I have been working in a software company for almost two years now. We provide data management solutions to a large range of clients, from fast-growing start-ups to global corporates. This is my first role in technology after my degree in Corporate Finance and working in finance roles in industrial corporate since then.
I have always felt at ease working with data and I consider myself skilled at crunching, reading and reporting them. In a rather naive fashion I thought of this as a natural transition.
What I did not realise until two years ago is that the data that I was exposed to as analyst are the final product of a supply chain that I wasn’t fully aware of. In a sense, I have used data without fully appreciating where they were coming from, or the effort that goes into producing high value, reliable data. In metaphorical terms I was like a chef that didn’t know the supply chain of the ingredients.
I believe I was not an exception in that context as the role of analysts is mainly to collect data from systems or spreadsheet and use them to produce reports. The main assumption here is that those data inputs are good, which in a corporate environment means believing that someone else is making sure that data are well collected, maintained, updated, consolidated, copied and even (!) periodically cleaned-up.
Data users vs. data workers
Finance analysts are data users. For them, data are tools used to support decision making. Sometimes external pressure and time constraints may induce finance departments to use them even when they are not as good as they should be. Loopholes and shortcuts in the process may put data quality at risk as any manual intervention on the data could contain human mistakes and inconsistencies.
In the world of data-as-tools, I focused significant care and attention on the outputs: clear charts, crisp reports and numbers that were adding up to the cent. The “art” of the analyst is to produce the best recommendations they can with tools at their disposal.
Data workers are those people that consider data-as-a-product and their role is to make sure that the final users receive data of the best quality possible.
In the world of data-as-a-product I’m becoming much more aware that the quality of the output is only as good as the quality of the input. In a sense, while using even imperfect data to generate reports and BI will likely serve the purpose of moving on decisions in the short run, in the medium-long term it could damage the organisation by providing polluted recommendations.
A shift in priorities
If you asked me few years ago about the problems affecting reporting functions in large corporations I would have talked about the impacts of operational changes on accounting. Quick changes in the organisation make it difficult for a support role like finance to keep up and maintain an acceptable level of quality in the reports.
What I have realised since delving deeper into the sources and flows of corporate data is that data quality is a widespread challenge and struggling to keep pace with changes is a by-product of poor data processes. Quality data is not just consistent, but also available, well-sourced, updated, comparable, credible and reliable.
Achieving this result is not an individual sport.

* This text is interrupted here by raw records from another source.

(* Let $m\in\mathbb{N}$. (i) There exist curves $\sigma,\tau$ of complexity $m$ in Euclidean space and a parameter $k$ such that the lengths $|T_{(k\text{-}DTW)}|$ and $|T_{(DTW)}|$ of an optimal $k$-DTW traversal and an optimal DTW traversal of $\sigma$ and $\tau$ differ by an amount linear in $m$ (i.e., $\Omega(m)$); moreover, such instances exist both with $|T_{(k\text{-}DTW)}|<|T_{(DTW)}|$ and with $|T_{(k\text{-}DTW)}|>|T_{(DTW)}|$. (ii) Assume $m\ge 5$. Then for every $k$ with $1\le k\le 4\lfloor m/5\rfloor$ there exist curves $\sigma,\tau$ of complexity $m$ such that $d_{k\text{-}DTW}(\sigma,\tau)$ is not equal to the sum of the $k$ largest distances contributing to $d_{DTW}(\sigma,\tau)$ (i.e., the $k$ largest matched distances of a traversal realizing the DTW distance).
   Context: Curves are vertex sequences in $\mathbb{R}^d$. For $\sigma=(v_1,\dots,v_{m'})$ and $\tau=(w_1,\dots,w_{m''})$ a traversal $T$ is a sequence of index pairs starting with $(1,1)$, ending with $(m',m'')$, where each $(i,j)$ is followed only by $(i+1,j)$, $(i,j+1)$ or $(i+1,j+1)$; $|T|$ is its number of pairs. The DTW distance is $d_{DTW}(\sigma,\tau)=\min_T\sum_{(i,j)\in T}\|v_i-w_j\|$. With $s^{(T)}_1\ge s^{(T)}_2\ge\dots$ the matched distances of $T$ sorted non-increasingly (padded with zeros beyond $|T|$), $d_{k\text{-}DTW}(\sigma,\tau)=\min_T\sum_{l=1}^k s^{(T)}_l$. An optimal DTW (resp. $k$-DTW) traversal is one attaining the respective minimum. *)

theory Defs
  imports Complex_Main
begin

text \<open>Points of R^d are represented as functions nat => real; only coordinates
  0..d-1 matter.  Curves are vertex lists; index pairs are 0-based.\<close>

definition euclid_dist :: "nat \<Rightarrow> (nat \<Rightarrow> real) \<Rightarrow> (nat \<Rightarrow> real) \<Rightarrow> real" where
  "euclid_dist d x y = sqrt (\<Sum>i<d. (x i - y i)^2)"

definition valid_step :: "nat \<times> nat \<Rightarrow> nat \<times> nat \<Rightarrow> bool" where
  "valid_step p q \<longleftrightarrow> q = (Suc (fst p), snd p) \<or> q = (fst p, Suc (snd p))
                     \<or> q = (Suc (fst p), Suc (snd p))"

definition is_traversal :: "nat \<Rightarrow> nat \<Rightarrow> (nat \<times> nat) list \<Rightarrow> bool" where
  "is_traversal m1 m2 T \<longleftrightarrow> T \<noteq> [] \<and> hd T = (0, 0) \<and> last T = (m1 - 1, m2 - 1)
     \<and> (\<forall>l. Suc l < length T \<longrightarrow> valid_step (T ! l) (T ! Suc l))"

definition traversals :: "'a list \<Rightarrow> 'a list \<Rightarrow> (nat \<times> nat) list set" where
  "traversals \<sigma> \<tau> = {T. is_traversal (length \<sigma>) (length \<tau>) T}"

definition matched_dists ::
  "nat \<Rightarrow> (nat \<Rightarrow> real) list \<Rightarrow> (nat \<Rightarrow> real) list \<Rightarrow> (nat \<times> nat) list \<Rightarrow> real list" where
  "matched_dists d \<sigma> \<tau> T = map (\<lambda>(i, j). euclid_dist d (\<sigma> ! i) (\<tau> ! j)) T"

definition dtw_cost where
  "dtw_cost d \<sigma> \<tau> T = sum_list (matched_dists d \<sigma> \<tau> T)"

text \<open>k-DTW cost: sum of the k largest matched distances (padding by zeros is
  implicit, since take k of a shorter list just takes the whole list).\<close>
definition kdtw_cost where
  "kdtw_cost d k \<sigma> \<tau> T = sum_list (take k (rev (sort (matched_dists d \<sigma> \<tau> T))))"

definition d_DTW where
  "d_DTW d \<sigma> \<tau> = Min (dtw_cost d \<sigma> \<tau> ` traversals \<sigma> \<tau>)"

definition d_kDTW where
  "d_kDTW d k \<sigma> \<tau> = Min (kdtw_cost d k \<sigma> \<tau> ` traversals \<sigma> \<tau>)"

definition opt_DTW_trav where
  "opt_DTW_trav d \<sigma> \<tau> T \<longleftrightarrow> T \<in> traversals \<sigma> \<tau> \<and>
     (\<forall>T' \<in> traversals \<sigma> \<tau>. dtw_cost d \<sigma> \<tau> T \<le> dtw_cost d \<sigma> \<tau> T')"
theorem proposition4:
  fixes \<mu>1 \<mu>2 \<mu>1' \<mu>2' :: "real \<Rightarrow> real"
    and D r \<alpha> k1 k2 k3 S1in S2in m1 S2m :: real
  assumes D_pos: "0 < D" and r_range: "0 < r" "r < 1"
    and \<alpha>_range: "0 < \<alpha>" "\<alpha> < 1"
    and k_pos: "0 < k1" "0 < k2" "0 < k3"
    and Sin_nonneg: "0 \<le> S1in" "0 \<le> S2in"
    \<comment> \<open>H1\<close>
    and H1_C1: "\<And>s. 0 \<le> s \<Longrightarrow> (\<mu>1 has_real_derivative \<mu>1' s) (at s within {0..})"
    and H1_cont: "continuous_on {0..} \<mu>1'"
    and H1_zero: "\<mu>1 0 = 0"
    and H1_lim: "(\<mu>1 \<longlongrightarrow> m1) at_top"
    and H1_incr: "\<And>s. 0 < s \<Longrightarrow> 0 < \<mu>1' s"
    \<comment> \<open>H2\<close>
    and H2_C1: "\<And>s. 0 \<le> s \<Longrightarrow> (\<mu>2 has_real_derivative \<mu>2' s) (at s within {0..})"
    and H2_cont: "continuous_on {0..} \<mu>2'"
    and H2_zero: "\<mu>2 0 = 0"
    and H2_lim: "(\<mu>2 \<longlongrightarrow> 0) at_top"
    and H2_Sm: "0 < S2m"
    and H2_up: "\<And>s. 0 < s \<Longrightarrow> s < S2m \<Longrightarrow> 0 < \<mu>2' s"
    and H2_down: "\<And>s. S2m < s \<Longrightarrow> \<mu>2' s < 0"
  shows
   "let F = chemo_field \<mu>1 \<mu>2 D r \<alpha> k1 k2 k3 S1in S2in;
        D1 = D / r; D2 = D / (1 - r) in
    \<comment> \<open>E_00^02\<close>
    (\<forall>E. steady_state F E \<and>
         E $ 0 = S1in \<and> E $ 1 = 0 \<and> E $ 2 = S2in \<and> E $ 3 = 0 \<and>
         E $ 4 = S1in \<and> E $ 5 = 0 \<and> larger_root \<mu>2 (\<alpha> * D2) (E $ 6) \<and>
         E $ 7 = (S2in - E $ 6) / (\<alpha> * k3) \<and> 0 < E $ 7
       \<longrightarrow> unstable_steady_state F E) \<and>
    \<comment> \<open>E_00^12\<close>
    (\<forall>E. steady_state F E \<and>
         E $ 0 = S1in \<and> E $ 1 = 0 \<and> E $ 2 = S2in \<and> E $ 3 = 0 \<and>
         \<mu>1 (E $ 4) = \<alpha> * D2 \<and> E $ 5 = (S1in - E $ 4) / (\<alpha> * k1) \<and> 0 < E $ 5 \<and>
         larger_root \<mu>2 (\<alpha> * D2) (E $ 6) \<and> 0 < E $ 7
       \<longrightarrow> unstable_steady_state F E) \<and>
    \<comment> \<open>E_10^12\<close>
    (\<forall>E. steady_state F E \<and>
         \<mu>1 (E $ 0) = \<alpha> * D1 \<and> E $ 1 = (S1in - E $ 0) / (\<alpha> * k1) \<and> 0 < E $ 1 \<and>
         E $ 2 = S2in + k2 / k1 * (S1in - E $ 0) \<and> E $ 3 = 0 \<and>
         0 < E $ 5 \<and> larger_root \<mu>2 (\<alpha> * D2) (E $ 6) \<and> 0 < E $ 7
       \<longrightarrow> unstable_steady_state F E) \<and>
    \<comment> \<open>E_02^01\<close>
    (\<forall>E. steady_state F E \<and>
         E $ 0 = S1in \<and> E $ 1 = 0 \<and> larger_root \<mu>2 (\<alpha> * D1) (E $ 2) \<and>
         E $ 3 = (S2in - E $ 2) / (\<alpha> * k3) \<and> 0 < E $ 3 \<and>
         E $ 5 = 0 \<and> 0 < E $ 7
       \<longrightarrow> unstable_steady_state F E) \<and>
    \<comment> \<open>E_02^11\<close>
    (\<forall>E. steady_state F E \<and>
         E $ 0 = S1in \<and> E $ 1 = 0 \<and> larger_root \<mu>2 (\<alpha> * D1) (E $ 2) \<and>
         E $ 3 = (S2in - E $ 2) / (\<alpha> * k3) \<and> 0 < E $ 3 \<and>
         0 < E $ 5 \<and> 0 < E $ 7
       \<longrightarrow> unstable_steady_state F E) \<and>
    \<comment> \<open>E_12^11\<close>
    (\<forall>E. steady_state F E \<and>
         \<mu>1 (E $ 0) = \<alpha> * D1 \<and> E $ 1 = (S1in - E $ 0) / (\<alpha> * k1) \<and> 0 < E $ 1 \<and>
         larger_root \<mu>2 (\<alpha> * D1) (E $ 2) \<and> 0 < E $ 3 \<and>
         0 < E $ 5 \<and> 0 < E $ 7
       \<longrightarrow> unstable_steady_state F E)"
proof -
  have "0 < D/r" "0 < D/(1-r)"
    using D_pos r_range by simp_all
  have decreasing_at_larger_root: "\<mu>2' s < 0" if "larger_root \<mu>2 c s" for c s
    using H2_down larger_root_gt_maximizer[OF H2_C1 H2_up that] by blast
  have "unstable_steady_state (chemo_field \<mu>1 \<mu>2 D r \<alpha> k1 k2 k3 S1in S2in) E"
    if "E \<in> orthant8" "larger_root \<mu>2 (\<alpha> * (D/r)) (E$2)" "0 < E$3" for E
    using chemo_field_unstable_reactor1[OF that(1) H1_C1 H2_C1] that decreasing_at_larger_root
      k_pos \<alpha>_range \<open>0 < D/r\<close> unfolding larger_root_def by blast
  moreover have "unstable_steady_state (chemo_field \<mu>1 \<mu>2 D r \<alpha> k1 k2 k3 S1in S2in) E"
    if "E \<in> orthant8" "larger_root \<mu>2 (\<alpha> * (D/(1-r))) (E$6)" "0 < E$7" for E
    using chemo_field_unstable_reactor2[OF that(1) H1_C1 H2_C1] that decreasing_at_larger_root
      k_pos \<alpha>_range \<open>0 < D/(1-r)\<close> unfolding larger_root_def by blast
  ultimately show ?thesis
    unfolding Let_def steady_state_def by blast
qed

end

Finance cannot solve the issue of bad data alone with inputs coming from sales, operations, HR and beyond.
Without efficient collection, collaboration and sharing of data, crucial information can be lost at every intermediate step to detriment of the quality of the final reporting.
In my brief but revealing journey from a data user to data worker, I will try and summarise my key realisations in 5 bullets that I will expand further in subsequent posts:
- Cost of crunching: as an analyst I was spending 80% of my time reconciling, preparing and ‘crunching’ the data rather than analysing them.
- Cost of (poor) quality: the quality of a report is only as good as the quality of the underlying data. Poor quality data that is allowed to survive through the day-to-day can accumulate significant hidden costs for the organisation.
- Cost of inertia: for some companies, having solid data quality procedures in place is still seen as a nice-to-have, an investment that can be postponed until they have no choice but to act – faced with regulatory pressures or other external factors.
- Cost of time: data quality is not an intrinsic characteristic of data but it is influenced by several factors: distance from the source, availability, comparability and most importantly time. Ideally companies should try and shorten the distance between reporting functions and the field – either operations or sales or HR – in order to have a better snapshot of the reality.
- Cost of (poor) tools: for data users, spreadsheets will continue to be an invaluable tool for interrogating, manipulating and analysing data. And as a single-user tool that is fine but wherever you need to collaborate with more than a handful of other contributors in the organisation they just aren’t scalable and certainly cannot replace a system.
Being able to describe the problem is the first step
I spent the first years of my professional career reconciling information affected by technological constraints. During the high-pressure periods, we were all wishing for a smarter solution, but as the pressure lowered, triggers for investigation disappeared and we convinced ourselves that the status quo was acceptable.
A couple of years later, I find myself in a better position to articulate the issues affecting analyst roles than when I was one.
Now, it is clear to me that as soon as data quality concerns arise it is advisable to take a step back and assess the impact before the situation becomes unbearable. Implementing appropriate systems, re-shaping processes and engaging consultants is an investment in the future wealth of a company and the bigger the scale, the larger the savings.
Being able to describe the issues that affect your function can be the first step to finding a solution. And sometimes, it takes a little help from the outside to tease out the details.